Following a strong showing at a public listening session last month, proponents of a ratepayer-owned electric utility on Hawaii Island continue to push what they see as a superior alternative to the proposed $4.3 billion acquisition of Hawaii Electric Light Co. by Florida-based NextEra Energy Inc.

In testimony filed Oct. 5 with the Public Utilities Commission, Hawaii Island Energy Cooperative spokesman Marco Mangelsdorf said that the consideration of an alternative to the NextEra purchase isn’t only within the purview of the PUC, it is “required to be considered” within the context of determining whether the takeover of Hawaii’s utilities is in the public interest.

“We see a once in several lifetimes opportunity to consider the fundamental organizational structure of the electric infrastructure on Hawaii Island, and HIEC was formed to propose the consideration of that alternative structure as a meaningful topic once this change of control transaction commenced,” he stated.

In his testimony, Mangelsdorf took issue with Aug. 31 testimony supplied by NextEra advisor John Reed, chairman and CEO of Massachusetts-based Concentric Energy Advisors Inc., who told commissioners that a cooperative utility would not be more cost effective than the Hawaiian Electric Companies.

“The economics of forming a new utility are very challenging,” he said. “The cost to acquire a utility often overshadows the new utility for decades.

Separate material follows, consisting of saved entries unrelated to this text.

(* Let $k\ge2$ be fixed. Then $m_k(n)/\gamma_k(n)\to1$ as $n\to\infty$.
   Context: Let $G=\{g_1=e,\dots,g_k\}$ be a group of order $k$. A labeled graph on $G$ with $n$ edges has vertex set $G$ and $n$ directed edges labeled $1,\dots,n$, each an ordered pair of vertices (loops and multiple edges allowed). The degree of a vertex is the number of edges having it as initial or terminal point, a loop counted twice. $m_k(n)$ is the number of such graphs having an Eulerian path starting at $e$ in the underlying undirected graph (a walk ignoring orientations starting at $e$ and using each edge exactly once). A graph has an Eulerian pseudo-path from $e$ to $g_i$ if all vertices other than $e,g_i$ have even degree, $\deg e$ is even when $g_i=e$, and $\deg e,\deg g_i$ are odd when $g_i\neq e$ (no connectivity required); $\gamma_k(n)$ is the number of labeled graphs on $G$ with $n$ edges having an Eulerian pseudo-path from $e$ to some vertex of $G$. *)

theory Defs
  imports "HOL-Algebra.Group" "HOL-Library.FuncSet" Complex_Main
begin

text \<open>A labeled graph on vertex set V with n edges: a map from the edge labels
  {1..n} to ordered pairs of vertices (initial point, terminal point).
  Loops and multiple edges are allowed.\<close>

definition labeled_graphs :: "'a set \<Rightarrow> nat \<Rightarrow> (nat \<Rightarrow> 'a \<times> 'a) set" where
  "labeled_graphs V n = ({1..n} \<rightarrow>\<^sub>E V \<times> V)"

definition deg :: "(nat \<Rightarrow> 'a \<times> 'a) \<Rightarrow> nat \<Rightarrow> 'a \<Rightarrow> nat" where
  "deg E n v = card {i \<in> {1..n}. fst (E i) = v} + card {i \<in> {1..n}. snd (E i) = v}"

definition has_eulerian_path_from :: "(nat \<Rightarrow> 'a \<times> 'a) \<Rightarrow> nat \<Rightarrow> 'a \<Rightarrow> bool" where
  "has_eulerian_path_from E n s \<longleftrightarrow>
     (\<exists>p vs. bij_betw p {..<n} {1..n} \<and> vs 0 = s \<and>
        (\<forall>j<n. E (p j) = (vs j, vs (Suc j)) \<or> E (p j) = (vs (Suc j), vs j)))"

definition has_eulerian_pseudo_path :: "'a set \<Rightarrow> (nat \<Rightarrow> 'a \<times> 'a) \<Rightarrow> nat \<Rightarrow> 'a \<Rightarrow> 'a \<Rightarrow> bool" where
  "has_eulerian_pseudo_path V E n s t \<longleftrightarrow>
     (\<forall>v\<in>V. v \<noteq> s \<and> v \<noteq> t \<longrightarrow> even (deg E n v)) \<and>
     (if t = s then even (deg E n s) else odd (deg E n s) \<and> odd (deg E n t))"

definition m_count :: "('a, 'b) monoid_scheme \<Rightarrow> nat \<Rightarrow> nat" where
  "m_count G n = card {E \<in> labeled_graphs (carrier G) n. has_eulerian_path_from E n \<one>\<^bsub>G\<^esub>}"

definition gamma_count :: "('a, 'b) monoid_scheme \<Rightarrow> nat \<Rightarrow> nat" where
  "gamma_count G n = card {E \<in> labeled_graphs (carrier G) n.
      \<exists>g \<in> carrier G. has_eulerian_pseudo_path (carrier G) E n \<one>\<^bsub>G\<^esub> g}"

end

theory Submission
  imports Defs
begin

text \<open>If the underlying multigraph is connected, Euler's theorem turns an Eulerian pseudo-path
  from \<open>e\<close> into an Eulerian path, so \<open>\<gamma>\<^sub>k(n) - m\<^sub>k(n)\<close> only counts disconnected graphs. The edges
  of a disconnected graph lie in \<open>R \<times> R \<union> (G - R) \<times> (G - R)\<close> for a proper subset \<open>R \<ni> e\<close>,
  a set of at most \<open>(k - 1)\<^sup>2 + 1\<close> pairs, so there are at most \<open>2\<^sup>k ((k - 1)\<^sup>2 + 1)\<^sup>n\<close> of them.
  On the other hand, every labeled graph with \<open>n - (k - 1)\<close> edges becomes one with all degrees
  even by adding \<open>k - 1\<close> edges at \<open>e\<close>, so \<open>\<gamma>\<^sub>k(n) \<ge> (k\<^sup>2)\<^bsup>n - k + 1\<^esup>\<close>. Since
  \<open>(k - 1)\<^sup>2 + 1 < k\<^sup>2\<close>, the ratio \<open>m\<^sub>k(n) / \<gamma>\<^sub>k(n)\<close> tends to 1 exponentially fast.\<close>

definition degree_on :: "(nat \<Rightarrow> 'a \<times> 'a) \<Rightarrow> nat set \<Rightarrow> 'a \<Rightarrow> nat" where
  "degree_on E J v = (\<Sum>i\<in>J. of_bool (fst (E i) = v) + of_bool (snd (E i) = v))"

lemma deg_eq_degree_on: "deg E n v = degree_on E {1..n} v"
  unfolding deg_def degree_on_def by (simp add: sum.distrib Int_def conj_commute)

lemma sum_degree_on:
  assumes "finite J" "finite V" "E ` J \<subseteq> V \<times> V"
  shows "(\<Sum>v\<in>V. degree_on E J v) = 2 * card J"
proof -
  have "(\<Sum>v\<in>V. degree_on E J v) =
        (\<Sum>i\<in>J. \<Sum>v\<in>V. of_bool (fst (E i) = v) + of_bool (snd (E i) = v))"
    unfolding degree_on_def by (rule sum.swap)
  also have "\<dots> = (\<Sum>i\<in>J. 2)"
  proof (rule sum.cong)
    fix i assume "i \<in> J"
    then have "fst (E i) \<in> V" "snd (E i) \<in> V" using assms(3) by auto
    then show "(\<Sum>v\<in>V. of_bool (fst (E i) = v) + of_bool (snd (E i) = v)) = (2::nat)"
      using assms(2) by (simp add: sum.distrib)
  qed simp
  finally show ?thesis by simp
qed

lemma even_degree_on_if_even_elsewhere:
  assumes "finite J" and even: "\<And>v. v \<noteq> t \<Longrightarrow> even (degree_on E J v)"
  shows "even (degree_on E J t)"
proof -
  define V where "V = insert t ((\<lambda>j. fst (E j)) ` J \<union> (\<lambda>j. snd (E j)) ` J)"
  have EV: "E ` J \<subseteq> V \<times> V"
  proof (rule image_subsetI)
    fix j assume "j \<in> J"
    then have "fst (E j) \<in> V" "snd (E j) \<in> V"
      unfolding V_def by simp_all
    then show "E j \<in> V \<times> V" by (simp add: mem_Times_iff)
  qed
  have "finite V" "t \<in> V" using assms(1) by (simp_all add: V_def)
  have "even (\<Sum>v\<in>V. degree_on E J v)"
    using sum_degree_on[OF assms(1) \<open>finite V\<close> EV] by simp
  moreover have "(\<Sum>v\<in>V. degree_on E J v) = degree_on E J t + (\<Sum>v\<in>V - {t}. degree_on E J v)"
    by (rule sum.remove[OF \<open>finite V\<close> \<open>t \<in> V\<close>])
  moreover have "even (\<Sum>v\<in>V - {t}. degree_on E J v)"
    using even by (intro dvd_sum) auto
  ultimately show ?thesis by simp
qed

lemma degree_on_remove:
  "finite J \<Longrightarrow> i \<in> J \<Longrightarrow>
   degree_on E J v = degree_on E (J - {i}) v + of_bool (fst (E i) = v) + of_bool (snd (E i) = v)"
  unfolding degree_on_def by (simp add: sum.remove)

lemma degree_on_eq_0: "(\<And>i. i \<in> J \<Longrightarrow> fst (E i) \<noteq> v \<and> snd (E i) \<noteq> v) \<Longrightarrow> degree_on E J v = 0"
  unfolding degree_on_def by simp

section \<open>Edge-closed vertex sets and connectivity\<close>

text \<open>Connectivity is phrased without walks: the edges \<open>J\<close> are connected from \<open>s\<close> if no vertex
  set containing \<open>s\<close> and closed under the edges of \<open>J\<close> misses an edge.\<close>

definition edge_closed :: "(nat \<Rightarrow> 'a \<times> 'a) \<Rightarrow> nat set \<Rightarrow> 'a set \<Rightarrow> bool" where
  "edge_closed E J R \<longleftrightarrow> (\<forall>j\<in>J. fst (E j) \<in> R \<longleftrightarrow> snd (E j) \<in> R)"

definition edge_connected_from :: "(nat \<Rightarrow> 'a \<times> 'a) \<Rightarrow> nat set \<Rightarrow> 'a \<Rightarrow> bool" where
  "edge_connected_from E J s \<longleftrightarrow> (\<forall>R. s \<in> R \<longrightarrow> edge_closed E J R \<longrightarrow> (\<forall>j\<in>J. fst (E j) \<in> R))"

In addition to the high acquisition costs involved that are often multiples of book value, there is no inherent advantage of a co-op or (municipal utility) on the largest component of the customer’s bill — fuel mix. … In Hawaii, the advantages related to fuel diversity do not exist for a newly formed utility.”

Mangelsdorf’s testimony last week accused Reed of displaying a “striking ignorance” of the fuel mix on Hawaii Island.

“Hawaii Island has a diversity of fuel mix that would be the envy of virtually any electric utility company,” he said.

“In 2014, approximately 50 percent of all kilowatt-hours consumed on the island came from renewable energy sources. … HIEC, if it were provided with the opportunity, would gain immediate advantages from the fuel mix on the island and, as evidenced by (Kauai Island Utility Cooperative’s) progressive and nimble efforts and achievements in integrating utility-scale (photovoltaic) and utility-scale battery storage, would be posed in the near-term, not waiting till 2045, to significantly increase the renewables fuel mix on Hawaii Island.”

At a PUC-organized listening session in Hilo on Sept. 29, it became clear that the co-op business model had captured the attention of Hawaii Island’s electricity consumers, with the vast majority of testifiers at the meeting expressing their support for HIEC.

Dozens of speakers waited in line at the meeting to urge the PUC to consider a co-op, despite being reminded several times by Chairman Randy Iwase that the PUC was seeking comment specifically on the NextEra merger and not a cooperative utility.

The PUC is expected to render its decision on the merger in June.